text \<open>Only the term \<open>r = 1\<close> of \<open>f\<close> is needed: its weight is \<open>B\<zeta> e\<^sup>-\<^sup>\<zeta>(1 - \<rho>(\<zeta>))\<^sup>B\<^sup>-\<^sup>1 \<sim> B\<zeta>\<close>.\<close>

lemma f_obj_less_V_near_zero:
  assumes "V > 0" "SA > 0" "S > 0" "B \<ge> 1" "lam > 0"
    and gain: "one_report_gain SA S V > lam * (1 + theta * S)"
  shows "\<exists>z>0. f_obj lam theta SA B z S V < V"
proof -
  define D where "D = one_report_gain SA S V"
  define w where "w = (\<lambda>z::real. exp (- z) * (1 - rho z) ^ (B - 1) * D)"
  have "isCont w 0"
    unfolding w_def rho_def by (intro continuous_intros)
  then have "(w \<longlongrightarrow> D) (at_right 0)"
    unfolding isCont_def filterlim_at_split by (simp add: w_def)
  then have "eventually (\<lambda>z. lam * (1 + theta * S) < w z \<and> 0 < z) (at_right 0)"
    using gain unfolding D_def by (intro eventually_conj order_tendstoD(1) eventually_at_right_less)
  then obtain z where z: "w z > lam * (1 + theta * S)" "z > 0"
    using eventually_happens by force
  have p: "0 \<le> rho z" "rho z \<le> 1"
    using z rho_nonneg rho_less_one less_imp_le by auto
  have "real B * z * w z = binom_B B 1 (rho z) * D"
    unfolding binom_B_def w_def rho_def using assms by simp
  also have "\<dots> \<le> (\<Sum>r = 0..B. binom_B B r (rho z) * (V - nu_hat V (agg_snr SA S r)))"
    unfolding D_def one_report_gain_def
    using assms binom_B_nonneg[OF p] nu_hat_le[OF assms(1) agg_snr_nonneg]
    by (intro member_le_sum) auto
  finally have "(\<Sum>r = 0..B. binom_B B r (rho z) * nu_hat V (agg_snr SA S r)) \<le> V - real B * z * w z"
    by (simp add: sum_binom_B_diff)
  moreover have "real B * z * w z > lam * z * real B * (1 + theta * S)"
    using z assms by (simp add: mult_ac)
  ultimately have "f_obj lam theta SA B z S V < V"
    unfolding f_obj_def by linarith
  with z show ?thesis by blast
qed

lemma sqrt_add_sqrt_square_le:
  assumes "S > 0" "a > 0" "c > 0"
  shows "(sqrt a + sqrt c)\<^sup>2 \<le> (1 + a * S) * (1/S + c)"
proof -
  define t where "t = sqrt a * sqrt c"
  have "(1 + a * S) * (1/S + c) - (sqrt a + sqrt c)\<^sup>2 = (1 - t * S)\<^sup>2 / S"
    using assms unfolding t_def by (simp add: field_simps power2_eq_square)
  moreover have "(1 - t * S)\<^sup>2 / S \<ge> 0" using assms by simp
  ultimately show ?thesis by linarith
qed

lemma sqrt_add_sqrt_square_eq:
  assumes "a > 0" "c > 0"
  defines "S \<equiv> 1 / (sqrt a * sqrt c)"
  shows "(sqrt a + sqrt c)\<^sup>2 = (1 + a * S) * (1/S + c)"
proof -
  have "sqrt a > 0" "sqrt c > 0" "(sqrt a)\<^sup>2 = a" "(sqrt c)\<^sup>2 = c"
    using assms by auto
  then show ?thesis unfolding S_def by (simp add: field_simps power2_eq_square)
qed

text \<open>\<open>v\<^sub>t\<^sub>h\<close> is the fixed point of \<open>V \<mapsto> \<surd>\<lambda>(\<surd>\<theta> + \<surd>(1/S\<^sub>A + V))\<close>: with \<open>s = \<surd>(\<lambda>\<theta>)\<close>,
  \<open>m = s + \<lambda>/2\<close>, both \<open>(V - m)\<^sup>2 - (v\<^sub>t\<^sub>h - m)\<^sup>2\<close> and \<open>(V - s)\<^sup>2 - \<lambda>(1/S\<^sub>A + V)\<close> are the
  same quadratic in \<open>V\<close>.\<close>

lemma le_add_iff_less_or_square_le:
  fixes x m w :: real
  assumes "w \<ge> 0"
  shows "x \<le> m + w \<longleftrightarrow> x < m \<or> (x - m)\<^sup>2 \<le> w\<^sup>2"
  using assms power2_le_iff_abs_le[OF assms, of "x - m"] by (auto simp: abs_if)

lemma le_v_th_iff:
  assumes lam: "lam > 0" and th: "theta > 0" and SA: "SA > 0" and V: "V > 0"
  shows "V \<le> v_th lam theta SA \<longleftrightarrow> V \<le> sqrt lam * (sqrt theta + sqrt (1/SA + V))"
proof -
  define s where "s = sqrt (lam * theta)"
  define u where "u = sqrt lam * sqrt (1/SA + V)"
  define m where "m = s + lam / 2"
  define w where "w = sqrt lam * sqrt (s + lam / 4 + 1 / SA)"
  have s0: "s \<ge> 0" and u0: "u \<ge> 0" and w0: "w \<ge> 0"
    unfolding s_def u_def w_def using lam th SA V by auto
  have vt: "v_th lam theta SA = m + w" unfolding v_th_def m_def w_def s_def by simp
  have su: "sqrt lam * (sqrt theta + sqrt (1/SA + V)) = s + u"
    unfolding s_def u_def by (simp add: algebra_simps real_sqrt_mult)
  have w2: "w\<^sup>2 = lam * (s + lam / 4 + 1 / SA)" and u2: "u\<^sup>2 = lam * (1/SA + V)"
    unfolding w_def u_def using lam s0 SA V by (simp_all add: power_mult_distrib)
  have ident: "(V - m)\<^sup>2 - w\<^sup>2 = (V - s)\<^sup>2 - u\<^sup>2"
    unfolding w2 u2 m_def by (simp add: power2_eq_square algebra_simps)
  have "(lam / 2)\<^sup>2 \<le> w\<^sup>2"
    unfolding w2 using lam s0 SA by (simp add: power2_eq_square algebra_simps)
  then have wl: "lam / 2 \<le> w" using w0 power2_le_imp_le by blast
  have "V \<le> m + w \<longleftrightarrow> V < m \<or> (V - m)\<^sup>2 \<le> w\<^sup>2"
    by (rule le_add_iff_less_or_square_le[OF w0])
  also have "\<dots> \<longleftrightarrow> V < s \<or> (V - s)\<^sup>2 \<le> u\<^sup>2"
  proof -
    have "(V - m)\<^sup>2 \<le> w\<^sup>2" if "s \<le> V" "V < m"
      using that wl power2_le_iff_abs_le[OF w0, of "V - m"] unfolding m_def by auto
    moreover have "(V - m)\<^sup>2 \<le> w\<^sup>2 \<longleftrightarrow> (V - s)\<^sup>2 \<le> u\<^sup>2"
      using ident by linarith
    moreover have "s < m" unfolding m_def using lam by simp
    ultimately show ?thesis by (cases "s \<le> V") auto
  qed
  also have "\<dots> \<longleftrightarrow> V \<le> s + u"
    by (rule le_add_iff_less_or_square_le[OF u0, symmetric])
  finally show ?thesis unfolding vt su .
qed

lemma one_report_gain_le_cost:
  assumes lam: "lam > 0" and th: "theta > 0" and SA: "SA > 0" and V: "V > 0" and S: "S \<ge> 0"
    and below: "V \<le> v_th lam theta SA"
  shows "one_report_gain SA S V \<le> lam * (1 + theta * S)"
proof (cases "S = 0")
  case True
  then show ?thesis using lam by (simp add: one_report_gain_def nu_hat_def agg_snr_def)
next
  case False
  then have S0: "S > 0" using S by simp
  define c where "c = 1/SA + V"
  have c0: "c > 0" "1/S + c > 0" unfolding c_def using SA V S0 by (simp_all add: add_pos_pos)
  have "V\<^sup>2 \<le> (sqrt lam * (sqrt theta + sqrt c))\<^sup>2"
    using le_v_th_iff[OF lam th SA V] below V unfolding c_def by (simp add: power_mono)
  also have "\<dots> = lam * (sqrt theta + sqrt c)\<^sup>2"
    using lam by (simp add: power_mult_distrib)
  also have "\<dots> \<le> lam * (1 + theta * S) * (1/S + c)"
    using sqrt_add_sqrt_square_le[OF S0 th c0(1)] lam by simp
  finally show ?thesis
    using one_report_gain_eq[OF S0 SA V] c0 unfolding c_def by (simp add: divide_le_eq add.assoc)
qed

• **Required work**
Go through the entries and copy each line holding the string "lambda".

• **Solution to the problem**
  define w where "w = (\<lambda>z::real. exp (- z) * (1 - rho z) ^ (B - 1) * D)"
  then have "eventually (\<lambda>z. lam * (1 + theta * S) < w z \<and> 0 < z) (at_right 0)"
text \<open>\<open>v\<^sub>t\<^sub>h\<close> is the fixed point of \<open>V \<mapsto> \<surd>\<lambda>(\<surd>\<theta> + \<surd>(1/S\<^sub>A + V))\<close>: with \<open>s = \<surd>(\<lambda>\<theta>)\<close>,
  \<open>m = s + \<lambda>/2\<close>, both \<open>(V - m)\<^sup>2 - (v\<^sub>t\<^sub>h - m)\<^sup>2\<close> and \<open>(V - s)\<^sup>2 - \<lambda>(1/S\<^sub>A + V)\<close> are the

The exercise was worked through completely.